Records provided =>
lemma is_lsq_correlation_vanishes:
  assumes \<Phi>: "\<Phi> \<in> carrier_mat M N" and y: "y \<in> carrier_vec M"
    and lsq: "is_lsq \<Phi> y S z" and i: "i \<in> S" "i < N"
  shows "(transpose_mat \<Phi> *\<^sub>v (y - \<Phi> *\<^sub>v z)) $ i = 0"
proof -
  have r: "y - \<Phi> *\<^sub>v z \<in> carrier_vec M" using \<Phi> by (intro carrier_vecI) auto
  have "(transpose_mat \<Phi> *\<^sub>v (y - \<Phi> *\<^sub>v z)) $ i = (\<Phi> *\<^sub>v unit_vec N i) \<bullet> (y - \<Phi> *\<^sub>v z)"
    using \<Phi> i(2) by (rule index_transpose_mult_mat_vec)
  also have "\<dots> = (y - \<Phi> *\<^sub>v z) \<bullet> (\<Phi> *\<^sub>v unit_vec N i)"
    using \<Phi> r by (intro comm_scalar_prod[of _ M]) auto
  also have "\<dots> = 0"
    using is_lsq_residual_orthogonal[OF \<Phi> y lsq, of "unit_vec N i"] i by (simp add: supp_vec_unit_vec)
  finally show ?thesis .
qed

lemma is_lsq_residual_le_tail:
  assumes \<Phi>: "\<Phi> \<in> carrier_mat M N" and x: "x \<in> carrier_vec N"
    and lsq: "is_lsq \<Phi> (\<Phi> *\<^sub>v x) S z"
  shows "sqnorm (\<Phi> *\<^sub>v x - \<Phi> *\<^sub>v z) \<le> sqnorm (\<Phi> *\<^sub>v vec N (\<lambda>i. if i \<in> S then 0 else x $ i))"
proof -
  define w where "w = vec N (\<lambda>i. if i \<in> S then x $ i else 0)"
  have w: "w \<in> carrier_vec N" by (simp add: w_def)
  moreover have "supp_vec w \<subseteq> S" by (auto simp: w_def supp_vec_def split: if_split_asm)
  ultimately have "sqnorm (\<Phi> *\<^sub>v x - \<Phi> *\<^sub>v z) \<le> sqnorm (\<Phi> *\<^sub>v x - \<Phi> *\<^sub>v w)"
    using lsq \<Phi> unfolding is_lsq_def by (metis carrier_matD(2))
  also have "\<Phi> *\<^sub>v x - \<Phi> *\<^sub>v w = \<Phi> *\<^sub>v (x - w)"
    using mult_minus_distrib_mat_vec[OF \<Phi> x w] by simp
  also have "x - w = vec N (\<lambda>i. if i \<in> S then 0 else x $ i)"
    using x by (intro eq_vecI) (auto simp: w_def)
  finally show ?thesis .
qed
lemma card_cliques_containing_le:
  assumes G: "(V, E) \<in> graph_class \<Delta> \<omega>" and "v \<in> V" "1 \<le> t"
  shows "real (card {K\<in>cliques V E t. v \<in> K})
           \<le> real ((\<omega> - 1) choose (t - 1)) * (real \<Delta> / real (\<omega> - 1)) ^ (t - 1)"
proof -
  define N where "N = neighbours V E v"
  have graph: "simple_graph V E" "finite V"
    using G by (auto simp: graph_class_def simple_graph_def)
  have "card K \<le> \<omega> - 1" if "is_clique V E K" "K \<subseteq> {i\<in>V. of_bool (i \<in> N) \<noteq> (0::real)}" for K
  proof -
    have "K \<subseteq> N" "finite K"
      using that graph by (auto simp: N_def intro: finite_clique)
    moreover have "v \<notin> K"
      using \<open>K \<subseteq> N\<close> self_notin_neighbours[OF graph(1)] by (auto simp: N_def)
    moreover have "is_clique V E (insert v K)"
      using that \<open>v \<in> V\<close> \<open>K \<subseteq> N\<close> by (auto simp: is_clique_insert_iff N_def)
    ultimately show ?thesis
      using clique_card_le_of_graph_class[OF G] by fastforce
  qed
  then have "clique_poly V E (t - 1) (\<lambda>i. of_bool (i \<in> N))
             \<le> real ((\<omega> - 1) choose (t - 1)) * (sum (\<lambda>i. of_bool (i \<in> N)) V / real (\<omega> - 1)) ^ (t - 1)"
    using graph by (intro clique_poly_le_binomial) auto
  moreover have "sum (\<lambda>i. of_bool (i \<in> N)) V = real (degree V E v)"
    using graph by (simp add: N_def neighbours_def degree_def Int_def)
  moreover have "degree V E v \<le> \<Delta>"
    using G \<open>v \<in> V\<close> by (rule degree_le_of_graph_class)
  moreover have "card {K\<in>cliques V E t. v \<in> K} = card {J\<in>cliques V E (t - 1). J \<subseteq> N}"
    using card_cliques_containing[OF graph(1) \<open>v \<in> V\<close>, of "t - 1"] assms(3) by (simp add: N_def)
  ultimately show ?thesis
    using graph(2) by (auto simp: clique_poly_indicator elim!: order_trans
        intro!: mult_left_mono power_mono divide_right_mono)
qed

lemma sum_card_cliques_containing:
  assumes "finite V"
  shows "(\<Sum>v\<in>V. card {K\<in>cliques V E t. v \<in> K}) = t * card (cliques V E t)"
proof -
  have "(\<Sum>v\<in>V. card {K\<in>cliques V E t. v \<in> K}) = (\<Sum>v\<in>V. \<Sum>K\<in>cliques V E t. of_bool (v \<in> K))"
    using assms by (simp add: finite_cliques Int_def)
  also have "\<dots> = (\<Sum>K\<in>cliques V E t. \<Sum>v\<in>V. of_bool (v \<in> K))"
    by (rule sum.swap)
  also have "\<dots> = (\<Sum>K\<in>cliques V E t. t)"
  proof (rule sum.cong[OF refl])
    fix K assume "K \<in> cliques V E t"
    then have "V \<inter> {v. v \<in> K} = K" "card K = t"
      by (auto simp: cliques_def is_clique_def)
    then show "(\<Sum>v\<in>V. of_bool (v \<in> K)) = t"
      using assms by simp
  qed
  finally show ?thesis
    by simp
qed

definition rho_bound :: "nat \<Rightarrow> nat \<Rightarrow> nat \<Rightarrow> real" where
  "rho_bound t \<omega> \<Delta> = 1 / real t * real ((\<omega> - 1) choose (t - 1)) * (real \<Delta> / real (\<omega> - 1)) ^ (t - 1)"

theorem rho_le_rho_bound:
  assumes G: "(V, E) \<in> graph_class \<Delta> \<omega>" and "card V \<ge> 1" "1 \<le> t"
  shows "rho t V E \<le> rho_bound t \<omega> \<Delta>"
proof -
  define b where "b = real ((\<omega> - 1) choose (t - 1)) * (real \<Delta> / real (\<omega> - 1)) ^ (t - 1)"
  have "finite V"
    using G by (simp add: graph_class_def simple_graph_def)
  have "real t * real (num_cliques t V E) = real (\<Sum>v\<in>V. card {K\<in>cliques V E t. v \<in> K})"
    unfolding sum_card_cliques_containing[OF \<open>finite V\<close>] by (simp add: num_cliques_def cliques_def)
  also have "\<dots> \<le> (\<Sum>v\<in>V. b)"
    unfolding of_nat_sum b_def by (intro sum_mono card_cliques_containing_le[OF G _ assms(3)])
  also have "\<dots> = real (card V) * b"
    by simp
  finally have "real (num_cliques t V E) / real (card V) \<le> 1 / real t * b"
    using assms(2,3) by (simp add: field_simps)
  then show ?thesis
    by (simp add: rho_def rho_bound_def b_def mult.assoc)
qed

section \<open>Turan graphs\<close>

lemma turan_edge_iff: "{a, b} \<in> turan_E n w \<longleftrightarrow> a < n \<and> b < n \<and> a mod w \<noteq> b mod w"
  unfolding turan_E_def by (auto simp: doubleton_eq_iff)

lemma simple_graph_turan: "simple_graph (turan_V n) (turan_E n w)"
  unfolding simple_graph_def turan_V_def turan_E_def by (auto simp: card_insert_if)

lemma card_turan_clique_le:
  assumes "w > 0" "is_clique (turan_V n) (turan_E n w) K"
  shows "card K \<le> w"
proof -
  have "inj_on (\<lambda>u. u mod w) K"
  proof (rule inj_onI)
    fix a b assume "a \<in> K" "b \<in> K" "a mod w = b mod w"
    then show "a = b"
      using assms(2) by (auto simp: is_clique_def turan_edge_iff)
  qed
  then have "card K = card ((\<lambda>u. u mod w) ` K)"
    by (simp add: card_image)
  also have "\<dots> \<le> card {..<w}"
    using assms(1) by (intro card_mono) auto
  finally show ?thesis
    by simp
qed

lemma add_mult_less_of_less_div:
  fixes c i w :: nat
  assumes "c < w" "i < n div w"
  shows "c + w * i < n"
proof -
  have "c + w * i < w * Suc i"
    using assms(1) by simp
  also have "\<dots> \<le> w * (n div w)"
    using assms(2) by (intro mult_le_mono2) simp
  also have "\<dots> \<le> n"
    by simp
  finally show ?thesis .
qed

lemma card_residue_class_ge:
  assumes "c < w"
  shows "n div w \<le> card {u\<in>{..<n}. u mod w = c}"
proof -
  have "(\<lambda>i. c + w * i) ` {..<n div w} \<subseteq> {u\<in>{..<n}. u mod w = c}"
    using assms by (auto intro!: add_mult_less_of_less_div)
  moreover have "inj_on (\<lambda>i. c + w * i) {..<n div w}"
    using assms by (intro inj_onI) simp
  ultimately show ?thesis
    using card_inj_on_le[of _ "{..<n div w}"] by fastforce
qed

lemma degree_turan_le:
  assumes "w > 0" "v < n"
  shows "degree (turan_V n) (turan_E n w) v \<le> n - n div w"
proof -
  let ?C = "{u\<in>{..<n}. u mod w = v mod w}"
  have neighbours: "{u\<in>turan_V n. {u, v} \<in> turan_E n w} = {..<n} - ?C"
    using assms(2) by (auto simp: turan_V_def turan_edge_iff)
  have "degree (turan_V n) (turan_E n w) v = n - card ?C"
    unfolding degree_def neighbours by (subst card_Diff_subset) auto
  also have "\<dots> \<le> n - n div w"
    using card_residue_class_ge[of "v mod w" w n] assms(1) by simp
  finally show ?thesis .
qed

lemma turan_in_graph_class:
  assumes "w > 0" "n - n div w \<le> \<Delta>"
  shows "(turan_V n, turan_E n w) \<in> graph_class \<Delta> w"
proof -
  have "degree (turan_V n) (turan_E n w) v \<le> \<Delta>" if "v \<in> turan_V n" for v
    using degree_turan_le[OF assms(1), of v n] that assms(2) by (simp add: turan_V_def)
  then have "max_degree (turan_V n) (turan_E n w) \<le> \<Delta>"
    by (simp add: max_degree_def turan_V_def)
  have "finite {K. is_clique (turan_V n) (turan_E n w) K}"
    by (rule finite_subset[of _ "Pow {0..<n}"]) (auto simp: is_clique_def turan_V_def)
  moreover have "is_clique (turan_V n) (turan_E n w) {}"
    by (simp add: is_clique_def)
  ultimately have "clique_number (turan_V n) (turan_E n w) \<le> w"
    unfolding clique_number_def using card_turan_clique_le[OF assms(1)] by (subst Max_le_iff) auto
  then show ?thesis
    using simple_graph_turan \<open>max_degree (turan_V n) (turan_E n w) \<le> \<Delta>\<close>
    by (simp add: graph_class_def)
qed

lemma residue_transversal_in_cliques:
  fixes g :: "nat \<Rightarrow> nat"
  assumes "R \<subseteq> {..<w}" "\<And>\<rho>. \<rho> \<in> R \<Longrightarrow> g \<rho> < n div w"
  shows "(\<lambda>\<rho>. \<rho> + w * g \<rho>) ` R \<in> cliques (turan_V n) (turan_E n w) (card R)"
proof -
  have elem: "\<rho> + w * g \<rho> < n" "(\<rho> + w * g \<rho>) mod w = \<rho>" if "\<rho> \<in> R" for \<rho>
    using that assms by (auto simp: add_mult_less_of_less_div)
  have "inj_on (\<lambda>\<rho>. \<rho> + w * g \<rho>) R"
    by (rule inj_onI) (metis elem(2))
  moreover have "(\<lambda>\<rho>. \<rho> + w * g \<rho>) ` R \<subseteq> turan_V n"
    using elem(1) by (auto simp: turan_V_def)
  moreover have "{a, b} \<in> turan_E n w"
    if "a \<in> (\<lambda>\<rho>. \<rho> + w * g \<rho>) ` R" "b \<in> (\<lambda>\<rho>. \<rho> + w * g \<rho>) ` R" "a \<noteq> b" for a b
    using that elem by (auto simp: turan_edge_iff)
  ultimately show ?thesis
    by (simp add: cliques_def is_clique_def card_image)
qed

lemma residue_transversal_eqD:
  fixes w :: nat and g1 g2 :: "nat \<Rightarrow> nat"
  assumes "R1 \<subseteq> {..<w}" "R2 \<subseteq> {..<w}"
    and eq: "(\<lambda>\<rho>. \<rho> + w * g1 \<rho>) ` R1 = (\<lambda>\<rho>. \<rho> + w * g2 \<rho>) ` R2"
  shows "R1 = R2" "\<And>\<rho>. \<rho> \<in> R1 \<Longrightarrow> g1 \<rho> = g2 \<rho>"
proof -
  have residues: "(\<lambda>k. k mod w) ` (\<lambda>\<rho>. \<rho> + w * g \<rho>) ` R = R" if "R \<subseteq> {..<w}" for R g
    using that by (force simp: image_image)
  show "R1 = R2"
    using residues[OF assms(1), of g1] residues[OF assms(2), of g2] eq by simp
  fix \<rho> assume "\<rho> \<in> R1"
  then obtain \<rho>' where "\<rho>' \<in> R2" "\<rho> + w * g1 \<rho> = \<rho>' + w * g2 \<rho>'"
    using eq by blast
  moreover from this have "\<rho> = \<rho>'"
    using assms(1,2) \<open>\<rho> \<in> R1\<close> by (metis lessThan_iff mod_mult_self2 mod_less subsetD)
  ultimately show "g1 \<rho> = g2 \<rho>"
    using assms(1) \<open>\<rho> \<in> R1\<close> by (cases "w = 0") auto
qed

lemma turan_num_cliques_ge:
  "(w choose t) * (n div w) ^ t \<le> num_cliques t (turan_V n) (turan_E n w)"
proof -
  define Rs where "Rs = {R. R \<subseteq> {..<w} \<and> card R = t}"
  define D where "D = (SIGMA R:Rs. R \<rightarrow>\<^sub>E {..<n div w})"
  define F where "F = (\<lambda>(R, g). (\<lambda>\<rho>. \<rho> + w * g \<rho>) ` R)"
  have Rs: "R \<subseteq> {..<w}" "finite R" "card R = t" if "R \<in> Rs" for R
    using that finite_subset by (auto simp: Rs_def)
  have "card D = (\<Sum>R\<in>Rs. card (R \<rightarrow>\<^sub>E {..<n div w}))"
    unfolding D_def using Rs(2) by (intro card_SigmaI) (auto simp: Rs_def intro: finite_PiE)
  also have "\<dots> = (w choose t) * (n div w) ^ t"
    using Rs by (simp add: card_PiE Rs_def[symmetric] n_subsets[of "{..<w}" t, folded Rs_def])
  finally have "card D = (w choose t) * (n div w) ^ t" .
  moreover have "F ` D \<subseteq> cliques (turan_V n) (turan_E n w) t"
  proof (clarsimp simp: D_def F_def)
    fix R g assume "R \<in> Rs" "g \<in> R \<rightarrow>\<^sub>E {..<n div w}"
    then show "(\<lambda>\<rho>. \<rho> + w * g \<rho>) ` R \<in> cliques (turan_V n) (turan_E n w) t"
      using residue_transversal_in_cliques[of R w g n] Rs by auto
  qed
  moreover have "inj_on F D"
  proof (rule inj_onI, clarsimp simp: D_def F_def)
    fix R1 g1 R2 g2
    assume R: "R1 \<in> Rs" "R2 \<in> Rs" and g: "g1 \<in> R1 \<rightarrow>\<^sub>E {..<n div w}" "g2 \<in> R2 \<rightarrow>\<^sub>E {..<n div w}"
      and eq: "(\<lambda>\<rho>. \<rho> + w * g1 \<rho>) ` R1 = (\<lambda>\<rho>. \<rho> + w * g2 \<rho>) ` R2"
    then show "R1 = R2 \<and> g1 = g2"
      using residue_transversal_eqD[OF Rs(1)[OF R(1)] Rs(1)[OF R(2)] eq] by (auto intro: PiE_ext)
  qed
  moreover have "finite (cliques (turan_V n) (turan_E n w) t)"
    by (simp add: finite_cliques turan_V_def)
  ultimately show ?thesis
    unfolding num_cliques_def cliques_def[symmetric] by (metis card_inj_on_le)
qed
(* Let $m,n\ge1$ and let $\mathcal M_{n,m}$ be the set of Dyck paths of semilength $nm$ in which every maximal run of consecutive up-steps has length divisible by $m$, ordered by the Tamari order (the $m$-Tamari lattice). Then the map $[P,Q]\mapsto \mathrm{IP}(P,Q)$ restricts to a bijection from the set of pairs $P\le Q$ with $P,Q\in\mathcal M_{n,m}$ onto the set of Tamari interval-posets $\triangleleft$ of size $nm$ satisfying, for every $1\le i\le n$, $im\triangleleft im-1\triangleleft \cdots\triangleleft im-(m-1)$.
   Context: A Dyck path of semilength $N$ is a word in up-steps $U$ and down-steps $D$ with $N$ of each, every prefix having at least as many $U$ as $D$; each up-step is matched with the first later down-step returning to its starting height. Tamari order: a rotation takes a down-step $D$ immediately followed by an up-step, lets $W$ be the shortest nonempty factor starting right after this $D$ that is itself a Dyck path, and replaces $DW$ by $WD$; the Tamari order is the reflexive–transitive closure. Label up-steps $1,\dots,N$ left to right. $\mathrm{dec}(P)=\{(j,i): j\ne i,\ \text{up-step } j \text{ lies strictly between up-step } i \text{ and its matching down-step}\}$; $\mathrm{inc}(Q)$ is the transitive closure of the relation containing $(i,k)$ whenever $k$ is the first up-step after the down-step matched with $i$. $\mathrm{IP}(P,Q)$ is the reflexive transitive closure of $\mathrm{dec}(P)\cup\mathrm{inc}(Q)$, written $x\triangleleft y$. A Tamari interval-poset of size $N$ is a partial order $\triangleleft$ on $[N]$ such that for all $a<b<c$: $a\triangleleft c\Rightarrow b\triangleleft c$ and $c\triangleleft a\Rightarrow b\triangleleft a$. *)

theory Defs
  imports Main
begin

text \<open>Dyck paths are boolean lists: True = up-step U, False = down-step D.\<close>

definition height :: "bool list \<Rightarrow> nat \<Rightarrow> int" where
  "height w k = int (count_list (take k w) True) - int (count_list (take k w) False)"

Required action =>
Copy each line from the data that features the string "bullet".

Answer space =>
  have "(transpose_mat \<Phi> *\<^sub>v (y - \<Phi> *\<^sub>v z)) $ i = (\<Phi> *\<^sub>v unit_vec N i) \<bullet> (y - \<Phi> *\<^sub>v z)"
  also have "\<dots> = (y - \<Phi> *\<^sub>v z) \<bullet> (\<Phi> *\<^sub>v unit_vec N i)"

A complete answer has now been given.